According to Google, they are going to start using Web Core Vitals to rank websites in May 2021. Google is already storing this information and you can access it in your Google Search Console, Core Web Vitals section. Alternatively, you can run a check of any website at PageSpeed Insights. If you use this tool, bear in mind that the data Google will take into account is the Field data, which corresponds to the real data based on user experience. On the other hand, the Lab data is a simulation of the worst case scenario, using a really low internet connection. It could be useful as well, but it doesn’t measure the real cases.
Having said this, we have been checking out some Frontity websites and they score pretty well in the Field data, but we would like to do some research to ensure that passing the Web Core Vitals is easily achievable in a Frontity project. At the end, we would like to end up with:
- Improvements in the framework.
- Recommendations / Resources to Frontity users to implement them in their themes and packages.

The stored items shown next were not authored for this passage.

lemma Lnorm_shell_power2_le_annulus:
  fixes f :: "real^3 \<Rightarrow> real^3"
  assumes "0 < P" "2*P \<le> q" "0 < R" "t \<le> 2*R" and f: "continuous_on UNIV f"
  shows "(Lnorm (2*P) (ball 0 t - ball 0 (3*R/2)) f)\<^sup>2
    \<le> (8 * measure lborel (ball (0::real^3) 1)) powr (1/P - 2/q) * R powr (3/P - 6/q)
      * (Lnorm q (annulus R) f)\<^sup>2"
proof -
  define Sh where "Sh = ball (0::real^3) t - ball 0 (3*R/2)"
  define K where "K = measure lborel (ball (0::real^3) 1)"
  have "K > 0" unfolding K_def by (rule content_ball_pos) simp
  have shell_le_annulus: "Lnorm r Sh f \<le> Lnorm r (annulus R) f" if "r > 0" for r
    unfolding Sh_def using assms that by (intro Lnorm_shell_le_annulus) auto
  consider "q = 2*P" | "2*P < q" using assms by linarith
  then show ?thesis
  proof cases
    case 1
    then have "(Lnorm (2*P) Sh f)\<^sup>2 \<le> (Lnorm q (annulus R) f)\<^sup>2"
      using shell_le_annulus \<open>0 < P\<close> by (intro power_mono Lnorm_nonneg) auto
    then show ?thesis
      using 1 \<open>0 < P\<close> \<open>0 < R\<close> \<open>K > 0\<close> by (simp add: Sh_def K_def)
  next
    case 2
    have "(Lnorm (2*P) Sh f)\<^sup>2 \<le> (measure lebesgue Sh powr (1/(2*P) - 1/q) * Lnorm q Sh f)\<^sup>2"
      unfolding Sh_def using 2 \<open>0 < P\<close> f
      by (intro power_mono Lnorm_nonneg Lnorm_le_measure_powr) auto
    also have "\<dots> = measure lebesgue Sh powr (1/P - 2/q) * (Lnorm q Sh f)\<^sup>2"
    proof -
      have "2 * (1/(2*P) - 1/q) = 1/P - 2/q" using \<open>0 < P\<close> by (simp add: field_simps)
      then show ?thesis by (simp add: power_mult_distrib power2_powr)
    qed
    also have "\<dots> \<le> (8 * K * R^3) powr (1/P - 2/q) * (Lnorm q (annulus R) f)\<^sup>2"
    proof (intro mult_mono powr_mono2 power_mono Lnorm_nonneg)
      show "measure lebesgue Sh \<le> 8 * K * R^3"
        unfolding Sh_def K_def using \<open>0 < R\<close> \<open>t \<le> 2*R\<close> by (rule measure_shell_le)
      show "Lnorm q Sh f \<le> Lnorm q (annulus R) f"
        using 2 \<open>0 < P\<close> by (intro shell_le_annulus) auto
      show "0 \<le> 1/P - 2/q"
        using 2 \<open>0 < P\<close> by (simp add: field_simps)
    qed auto
    also have "(8 * K * R^3) powr (1/P - 2/q) = (8 * K) powr (1/P - 2/q) * R powr (3/P - 6/q)"
    proof -
      have "R^3 = R powr 3" using \<open>0 < R\<close> by (simp add: powr_numeral)
      moreover have "3 * (1/P - 2/q) = 3/P - 6/q" by (simp add: field_simps)
      ultimately have "(R^3) powr (1/P - 2/q) = R powr (3/P - 6/q)"
        by (simp add: powr_powr)
      then show ?thesis using \<open>0 < R\<close> \<open>K > 0\<close> by (simp add: powr_mult)
    qed
    finally show ?thesis unfolding Sh_def K_def .
  qed
qed
lemma Xpoly_Suc_Suc:
  "Xpoly (int (m + 2)) = pCons 0 (Xpoly (int (m + 1))) - Xpoly (int m)"
proof -
  have x_mult: "pCons 0 p = monom 1 1 * p" for p :: "real poly"
    by (simp add: monom_Suc)
  have shift: "monom 1 1 * monom (Xcoeff (m + 1) k) (m + 1 - 2 * k) =
      monom (Xcoeff (m + 1) k) (m + 2 - 2 * k)" for k
    by (cases "m + 1 < 2 * k") (auto simp: Xcoeff_eq_0 mult_monom Suc_diff_le)
  have "pCons 0 (Xpoly (int (m + 1))) =
      monom 1 1 * (\<Sum>k\<le>m + 1. monom (Xcoeff (m + 1) k) (m + 1 - 2 * k))"
    using Xpoly_eq_sum[of "m + 1" "m + 1"] x_mult by simp
  also have "\<dots> = (\<Sum>k\<le>m + 1. monom (Xcoeff (m + 1) k) (m + 2 - 2 * k))"
    unfolding sum_distrib_left shift ..
  also have "\<dots> = monom 1 (m + 2) + (\<Sum>k\<le>m. monom (Xcoeff (m + 1) (Suc k)) (m - 2 * k))"
    by (simp add: sum.atMost_Suc_shift Xcoeff_def del: sum.atMost_Suc)
  also have "(\<Sum>k\<le>m. monom (Xcoeff (m + 1) (Suc k)) (m - 2 * k)) =
      (\<Sum>k\<le>m. monom (Xcoeff (m + 2) (Suc k)) (m - 2 * k)) + Xpoly (int m)"
    by (simp add: Xpoly_eq_sum[of m m] Xcoeff_Suc_Suc diff_monom[symmetric] sum_subtractf)
  finally have "pCons 0 (Xpoly (int (m + 1))) - Xpoly (int m) =
      monom 1 (m + 2) + (\<Sum>k\<le>m. monom (Xcoeff (m + 2) (Suc k)) (m - 2 * k))"
    by simp
  also have "\<dots> = Xpoly (int (m + 2))"
    using Xpoly_eq_sum[of "m + 2" "m + 1"]
    by (simp add: sum.atMost_Suc_shift Xcoeff_def del: sum.atMost_Suc)
  finally show ?thesis by simp
qed

lemma Xpoly_neg: "r < 0 \<Longrightarrow> Xpoly r = 0"
  by (simp add: Xpoly_def)

lemma Xpoly_0: "Xpoly 0 = 1"
  using Xpoly_eq_sum[of 0 0] by (simp add: Xcoeff_def)

lemma Xpoly_1: "Xpoly 1 = pCons 0 1"
  using Xpoly_eq_sum[of 1 1] by (simp add: Xcoeff_def monom_Suc)

lemma pCons_0_Xpoly: "pCons 0 (Xpoly (int m)) = Xpoly (int m + 1) + Xpoly (int m - 1)"
proof (cases m)
  case 0
  then show ?thesis by (simp add: Xpoly_0 Xpoly_1 Xpoly_neg)
next
  case (Suc k)
  then show ?thesis using Xpoly_Suc_Suc[of k] by (simp add: add.commute)
qed

lemma Xpoly_q_0: "Xpoly_q 0 q = 1"
  by (simp add: Xpoly_q_def Xpoly_0 Xpoly_neg)

lemma Xpoly_q_1: "Xpoly_q 1 q = pCons 0 1"
  by (simp add: Xpoly_q_def Xpoly_1 Xpoly_neg)

lemma pCons_0_Xpoly_q:
  "pCons 0 (Xpoly_q (Suc r) q) =
     Xpoly_q (r + 2) q + smult (if r = 0 then 1 + 1 / real q else 1) (Xpoly_q r q)"
proof (cases r)
  case 0
  then show ?thesis
    using pCons_0_Xpoly[of 1] by (simp add: Xpoly_q_def Xpoly_0 Xpoly_1 Xpoly_neg)
next
  case (Suc s)
  have "pCons 0 (Xpoly_q (Suc r) q) =
      pCons 0 (Xpoly (int (s + 2))) - smult (1 / real q) (pCons 0 (Xpoly (int s)))"
    using Suc by (simp add: Xpoly_q_def)
  also have "\<dots> = Xpoly_q (r + 2) q + Xpoly_q r q"
    unfolding pCons_0_Xpoly using Suc
    by (simp add: Xpoly_q_def smult_add_right algebra_simps)
  finally show ?thesis using Suc by simp
qed

lemma scaled_Xpoly_q_recurrence:
  fixes M :: "complex^'m^'m"
  assumes "q \<ge> 1"
  defines "P \<equiv> \<lambda>r. sqrt (real q) ^ r *\<^sub>R poly_mat (Xpoly_q r q) ((1 / sqrt (real q)) *\<^sub>R M)"
  shows "P 0 = mat 1" and "P 1 = M"
    and "M ** P (Suc r) = P (r + 2) + real (if r = 0 then q + 1 else q) *\<^sub>R P r"
proof -
  define s where "s = sqrt (real q)"
  define M' where "M' = (1 / s) *\<^sub>R M"
  have "s > 0" using assms(1) by (simp add: s_def)
  then have M: "M = s *\<^sub>R M'" by (simp add: M'_def)
  have P: "P r = s ^ r *\<^sub>R poly_mat (Xpoly_q r q) M'" for r
    by (simp add: P_def s_def M'_def)
  show "P 0 = mat 1"
    by (simp add: P Xpoly_q_0 poly_mat_1)
  show "P 1 = M"
    unfolding P Xpoly_q_1 poly_mat_pCons_0 poly_mat_1 M by simp
  define c where "c = (if r = 0 then 1 + 1 / real q else 1)"
  have scale: "s ^ (r + 2) * c = real (if r = 0 then q + 1 else q) * s ^ r"
    using assms(1) by (simp add: s_def c_def power_add field_simps)
  have "M ** P (Suc r) = s ^ (r + 2) *\<^sub>R poly_mat (pCons 0 (Xpoly_q (Suc r) q)) M'"
    by (simp add: P M poly_mat_pCons_0 matrix_mul_scaleR_right scalar_matrix_assoc[symmetric])
  also have "\<dots> = s ^ (r + 2) *\<^sub>R poly_mat (Xpoly_q (r + 2) q) M' +
      (s ^ (r + 2) * c) *\<^sub>R poly_mat (Xpoly_q r q) M'"
    by (simp add: pCons_0_Xpoly_q c_def poly_mat_add poly_mat_smult scaleR_add_right)
  also have "\<dots> = P (r + 2) + real (if r = 0 then q + 1 else q) *\<^sub>R P r"
    unfolding scale by (simp add: P)
  finally show "M ** P (Suc r) = P (r + 2) + real (if r = 0 then q + 1 else q) *\<^sub>R P r" .
qed

lemma second_order_recurrence_unique:
  assumes "f 0 = g 0" and "f 1 = g 1"
    and "\<And>r. f (r + 2) = h r (f (Suc r)) (f r)"
    and "\<And>r. g (r + 2) = h r (g (Suc r)) (g r)"
  shows "f n = g n"
proof -
  have "f n = g n \<and> f (Suc n) = g (Suc n)"
    by (induction n) (use assms in \<open>simp_all add: numeral_2_eq_2\<close>)
  then show ?thesis ..
qed

lemma walk_color_Nil [simp]: "walk_color \<sigma> [] = mat 1"
  by (simp add: walk_color_def)

lemma walk_color_Cons [simp]: "walk_color \<sigma> (e # \<gamma>) = \<sigma> e ** walk_color \<sigma> \<gamma>"
  by (simp add: walk_color_def)

lemma finite_nb_walks: "finite (nb_walks (org :: 'e::finite \<Rightarrow> 'v) trm rv r i j)"
proof -
  have "nb_walks org trm rv r i j \<subseteq> {\<gamma>. set \<gamma> \<subseteq> UNIV \<and> length \<gamma> = r}"
    unfolding nb_walks_def by auto
  then show ?thesis
    using finite_lists_length_eq[of "UNIV :: 'e set" r] finite_subset by auto
qed

lemma nb_walks_1: "nb_walks org trm rv 1 i j = (\<lambda>e. [e]) ` {e. org e = i \<and> trm e = j}"
proof -
  have "length \<gamma> = 1 \<longleftrightarrow> (\<exists>e. \<gamma> = [e])" for \<gamma> :: "'e list"
    by (cases \<gamma>) auto
  then show ?thesis
    unfolding nb_walks_def by auto
qed

lemma Cons_mem_nb_walks_Suc:
  assumes "r \<ge> 1"
  shows "e # \<delta> \<in> nb_walks org trm rv (Suc r) i j \<longleftrightarrow>
    org e = i \<and> \<delta> \<in> nb_walks org trm rv r (trm e) j \<and> hd \<delta> \<noteq> rv e"
proof -
  have split: "(\<forall>k. Suc k < Suc r \<longrightarrow> P k) \<longleftrightarrow> P 0 \<and> (\<forall>k. Suc k < r \<longrightarrow> P (Suc k))" for P
    using assms by (cases r) (simp_all add: All_less_Suc2)
  have "length \<delta> = r \<Longrightarrow> \<delta> \<noteq> []"
    using assms by auto
  then show ?thesis
    unfolding nb_walks_def mem_Collect_eq split by (auto simp: hd_conv_nth)
qed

- Explanations on how to measure the performance improvements.
The idea of this topic is talk about different things we could try, share the results of the different tests and share resources that could be interesting for anyone. We will run the tests mainly in our own web, frontity.org, and in our blog, which is using the twentytwenty-theme
at this moment.
Any feedback, idea or useful resource is really welcome
Summary
In order to have the information easily available, we will keep updated this summary in the opening post, but bear in mind that the information below will change.
Tests
In order to keep track of the tests, we will use the following Google Sheets where we will store the different hypothesis we want to test and the results once we have done it. We could add more metrics if we want. For example in some cases it could be interesting to compare the Time to First Byte or the bundle size.